Just stick with me for a second. I live in South Korea, so the K-pop industry is ever-present in my life, and has gotten me thinking.

Whatever your opinion of the music, it must be acknowledged that K-pop stars work hard for the money.

They spend long days trudging through dance classes, voice classes, foreign language classes, beauty regimens, and ad campaigns. And they do all this on low-calorie diets.

To manage this grueling routine with a smile (because sponsorships are at stake after all) their management companies know to support them with make-up artists, personal trainers, highly-specific diets, and hotel rooms where the performers will be guaranteed high quality of sleep, even if they don’t get to sleep for very long.

These companies, billion-dollar moneymakers like SM and YG, recognize that if they spring for the nicer hotel, their prized pop stars will be able to perform at a higher level. And after all, companies can procure services and goods at more efficient rates than the pop star would be able to do on his or her own. It is a drop in the bucket for an entertainment company, but maximizes the value of their investment in their star.

What does this have to do with translation?

In our industry, companies providing language services can also more efficiently procure services and goods to improve translator output, yet many translators are still expected to provide these services and tools for themselves.

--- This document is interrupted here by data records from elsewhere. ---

lemma bch_chi_unique:
  assumes a: "a \<in> F 1"
  shows "\<exists>!b. b \<in> F 1 \<and> b = a - B (P b) (b - P b)"
proof (rule contraction_unique_fixpoint, unfold filtration_contraction_def, safe)
  show "a - B (P b) (b - P b) \<in> F 1" if "b \<in> F 1" for b
    using that a bch_mem proj_mem diff_mem by blast
next
  fix n b b' assume n: "n \<ge> 1" and b: "b \<in> F 1" "b' \<in> F 1" "b - b' \<in> F n"
  have "P b - P b' \<in> F n" using b proj_mem proj_diff by metis
  moreover have "b - P b - (b' - P b') = (b - b') - (P b - P b')" by (simp add: algebra_simps)
  ultimately have "b - P b - (b' - P b') \<in> F n" using b diff_mem by metis
  with \<open>P b - P b' \<in> F n\<close> have "B (P b) (b - P b) - B (P b') (b' - P b') \<in> F (Suc n)"
    by (intro bch_diff_mem) (use n b proj_mem diff_mem in auto)
  then show "a - B (P b) (b - P b) - (a - B (P b') (b' - P b')) \<in> F (Suc n)"
    using uminus_mem by fastforce
qed

lemma bch_chi_mem: "a \<in> F 1 \<Longrightarrow> chi a \<in> F 1"
  and bch_chi_eq: "a \<in> F 1 \<Longrightarrow> chi a = a - B (P (chi a)) (chi a - P (chi a))"
  unfolding bch_chi_def using theI'[OF bch_chi_unique] by blast+

lemma bch_chi_eqI: "a \<in> F 1 \<Longrightarrow> b \<in> F 1 \<Longrightarrow> b = a - B (P b) (b - P b) \<Longrightarrow> chi a = b"
  unfolding bch_chi_def using the1_equality[OF bch_chi_unique] by blast

lemma bch_chi_add_bch: "a \<in> F 1 \<Longrightarrow> chi a + B (P (chi a)) (chi a - P (chi a)) = a"
  by (rule eq_diff_eq[THEN iffD1, OF bch_chi_eq])

lemma inj_on_bch_chi: "inj_on chi (F 1)"
  by (rule inj_onI) (metis bch_chi_add_bch)

lemma A1_minusD: "u \<in> A1_minus F P \<Longrightarrow> u \<in> F 1 \<and> P u = u"
  unfolding A1_minus_def using proj_mem proj_idem by auto

lemma A1_plusD: "v \<in> A1_plus F P \<Longrightarrow> v \<in> F 1 \<and> P v = 0"
  unfolding A1_plus_def compl_proj_def using proj_mem proj_idem diff_mem proj_diff by auto

lemma bch_chi_Cop:
  assumes "u \<in> A1_minus F P" "v \<in> A1_plus F P"
  shows "chi (Cop B u v) = u + v"
proof (rule bch_chi_eqI)
  show "Cop B u v \<in> F 1" "u + v \<in> F 1"
    using assms A1_minusD A1_plusD Cop_mem add_mem by blast+
  have "P (u + v) = u" using assms A1_minusD A1_plusD proj_add by simp
  then show "u + v = Cop B u v - B (P (u + v)) (u + v - P (u + v))"
    by (simp add: Cop_def)
qed


lemma Cop_bch_decomposition:
  "a \<in> F 1 \<Longrightarrow> Cop B (fst (bch_decomposition F B P a)) (snd (bch_decomposition F B P a)) = a"
  using bch_chi_add_bch[of a] by (simp add: bch_decomposition_def compl_proj_def Cop_def)

lemma bch_decomposition_mem: "a \<in> F 1 \<Longrightarrow> bch_decomposition F B P a \<in> A1_minus F P \<times> A1_plus F P"
  unfolding bch_decomposition_def A1_minus_def A1_plus_def using bch_chi_mem by blast

lemma bch_decomposition_Cop:
  "u \<in> A1_minus F P \<Longrightarrow> v \<in> A1_plus F P \<Longrightarrow> bch_decomposition F B P (Cop B u v) = (u, v)"
  using A1_minusD A1_plusD by (simp add: bch_decomposition_def bch_chi_Cop compl_proj_def proj_add)

lemma Cop_mem_of_A1: "(u, v) \<in> A1_minus F P \<times> A1_plus F P \<Longrightarrow> Cop B u v \<in> F 1"
  using A1_minusD A1_plusD Cop_mem by blast

lemma bij_betw_Cop: "bij_betw (\<lambda>(u, v). Cop B u v) (A1_minus F P \<times> A1_plus F P) (F 1)"
  and bij_betw_bch_decomposition: "bij_betw (bch_decomposition F B P) (F 1) (A1_minus F P \<times> A1_plus F P)"
proof -
  have "\<forall>x\<in>A1_minus F P \<times> A1_plus F P. bch_decomposition F B P ((\<lambda>(u, v). Cop B u v) x) = x"
    using bch_decomposition_Cop by fast
  moreover have "\<forall>a\<in>F 1. (\<lambda>(u, v). Cop B u v) (bch_decomposition F B P a) = a"
    using Cop_bch_decomposition by (simp add: split_beta)
  moreover have "(\<lambda>(u, v). Cop B u v) ` (A1_minus F P \<times> A1_plus F P) \<subseteq> F 1"
    using Cop_mem_of_A1 by fast
  moreover have "bch_decomposition F B P ` F 1 \<subseteq> A1_minus F P \<times> A1_plus F P"
    using bch_decomposition_mem by blast
  ultimately show "bij_betw (\<lambda>(u, v). Cop B u v) (A1_minus F P \<times> A1_plus F P) (F 1)"
    and "bij_betw (bch_decomposition F B P) (F 1) (A1_minus F P \<times> A1_plus F P)"
    by (blast intro: bij_betw_byWitness)+
qed

lemma the_inv_into_Cop:
  assumes "a \<in> F 1"
  shows "the_inv_into (A1_minus F P \<times> A1_plus F P) (\<lambda>(u, v). Cop B u v) a = bch_decomposition F B P a"
  using bij_betw_imp_inj_on[OF bij_betw_Cop] Cop_bch_decomposition[OF assms] bch_decomposition_mem[OF assms]
  by (intro the_inv_into_f_eq) (simp_all add: split_beta)

lemma bch_recursion_compl_proj: "bch_recursion F B (compl_proj P)"
proof unfold_locales
  show "compl_proj P (x + y) = compl_proj P x + compl_proj P y" for x y
    by (simp add: compl_proj_def proj_add)
  show "compl_proj P (compl_proj P x) = compl_proj P x" for x
    by (simp add: compl_proj_def proj_diff proj_idem)
  show "compl_proj P x \<in> F n" if "x \<in> F n" for n x
    unfolding compl_proj_def using that by (intro diff_mem proj_mem)
qed (fact bch_mem bch_diff_mem)+

lemma A1_minus_compl_proj: "A1_minus F (compl_proj P) = A1_plus F P"
  by (simp add: A1_minus_def A1_plus_def)

lemma A1_plus_compl_proj: "A1_plus F (compl_proj P) = A1_minus F P"
proof -
  have "compl_proj (compl_proj P) = P" by (simp add: compl_proj_def fun_eq_iff)
  then show ?thesis by (simp add: A1_minus_def A1_plus_def)
qed

lemma the_inv_into_bch_chi_compl_proj:
  assumes "ap \<in> A1_plus F P" "am \<in> A1_minus F P"
  shows "the_inv_into (F 1) (bch_chi F B (compl_proj P)) (ap + am) = Cop B ap am"
proof -
  interpret compl: bch_recursion F B "compl_proj P" by (rule bch_recursion_compl_proj)
  show ?thesis
    using assms compl.inj_on_bch_chi compl.bch_chi_Cop compl.Cop_mem_of_A1
    by (intro the_inv_into_f_eq) (simp_all add: A1_minus_compl_proj A1_plus_compl_proj)
qed

lemma bij_betw_Cop_swapped: "bij_betw (\<lambda>(u, v). Cop B u v) (A1_plus F P \<times> A1_minus F P) (F 1)"
  using bch_recursion.bij_betw_Cop[OF bch_recursion_compl_proj]
  by (simp add: A1_minus_compl_proj A1_plus_compl_proj)

lemma uniformization_unique:
  assumes E: "inj_on E (F 1)" and R: "\<And>u v. u \<in> F 1 \<Longrightarrow> v \<in> F 1 \<Longrightarrow> R u v = E (Cop B u v)"
    and ap: "ap \<in> A1_plus F P" and am: "am \<in> A1_minus F P"
    and uv: "(u, v) \<in> A1_minus F P \<times> A1_plus F P" and eq: "R ap am = R u v"
  shows "(u, v) = bch_decomposition F B P (Cop B ap am)"
proof -
  have "ap \<in> F 1" "am \<in> F 1" "u \<in> F 1" "v \<in> F 1"
    using ap am uv A1_minusD A1_plusD by auto
  then have "E (Cop B ap am) = E (Cop B u v)" using eq R by simp
  then have "Cop B u v = Cop B ap am"
    using inj_onD[OF E] \<open>ap \<in> F 1\<close> \<open>am \<in> F 1\<close> \<open>u \<in> F 1\<close> \<open>v \<in> F 1\<close> Cop_mem by metis
  then show ?thesis using bch_decomposition_Cop uv by (metis mem_Sigma_iff)
qed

There have been some promising movements in this direction, as LSP’s have begun to purchase cloud-accessible CAT tools, and translation management systems that automate OCR and word counting (how many freelancers reading this have spent 30 minutes counting Chinese characters for a client only to have the job disappear?)

But one action that we LSP’s can take, an action which is actually the easiest and most affordable, is to take responsibility for administrative tasks such as invoice and CV processing. Most translators are working with dozens of clients at any given time. When they are asked to learn how to navigate yet another new portal, and enter text into hundreds of perhaps irrelevant fields, for each of those dozens of clients, all of whom have their own specific instructions and passwords and deadlines, this wastes them considerable time. This is time that they could be translating for you. Let’s be honest, portals streamline workflow for the company, NOT for the translator.

This is why at Meridian, we hire very affordable administrative assistants to process and input CV’s into our database, rather than asking translators to click through complicated portals themselves (this is why we have been so successful in onboarding veteran translators, or translators of rare languages, who are already in such demand that they don’t feel they need new clients).

We don’t ask our translators to remember hyper-specific invoicing instructions—our assistants process PDF invoices and reach out to our translators individually if they need any further information. This means our translators can spend more time translating: they are more available, they are happier, and they answer our calls more quickly, making our project managers less stressed and more efficient.

Translators are already carrying out a near-impossible task: to match the meaning, form, AND style of two languages that each come with several hundreds if not thousands of years of nuance and history. Sometimes translators must work in a subject domain they are unfamiliar with (say, Japanese aeronautical history) which means they must become experts (in two languages!) fast. To function at a high level, they must be constantly learning, keeping up with new slang and newly-accepted terminology. They must be able to recognize sly references and double-entendres, and render them effectively. And it is very likely that they will be asked to turn around 2,000 words of translation within 24 hours.

 

Do you really want them spending any of those hours learning your invoicing procedure?

 

Richard Branson, billionaire investor and founder of the Virgin Group, said this: take care of your employees first, and they’ll take care of your clients. This is especially the case in our industry, an industry where the quality of our deliverables is so nuanced and difficult to measure, an industry where the fate of our company truly rests in the hands of our freelance translators.

Wherever we can more efficiently provide our translators with resources, we should not place the burden on them. We should consider this to be part of our best efforts to deliver the highest-quality translations and the most efficient rates possible to our clients.

Also, isn’t it just a nicer way to work?

😊

 

Sara Maria Hasbun is the Founder and Managing Director of Meridian Linguistics, a linguistic consulting company with branches in Hong Kong, Seoul, Lyon, and New York, and 1200+ translators living all over the world. Before founding Meridian, she worked as a freelance translator of Spanish, French, and Chinese into English. Sara Maria currently resides in Seoul, South Korea.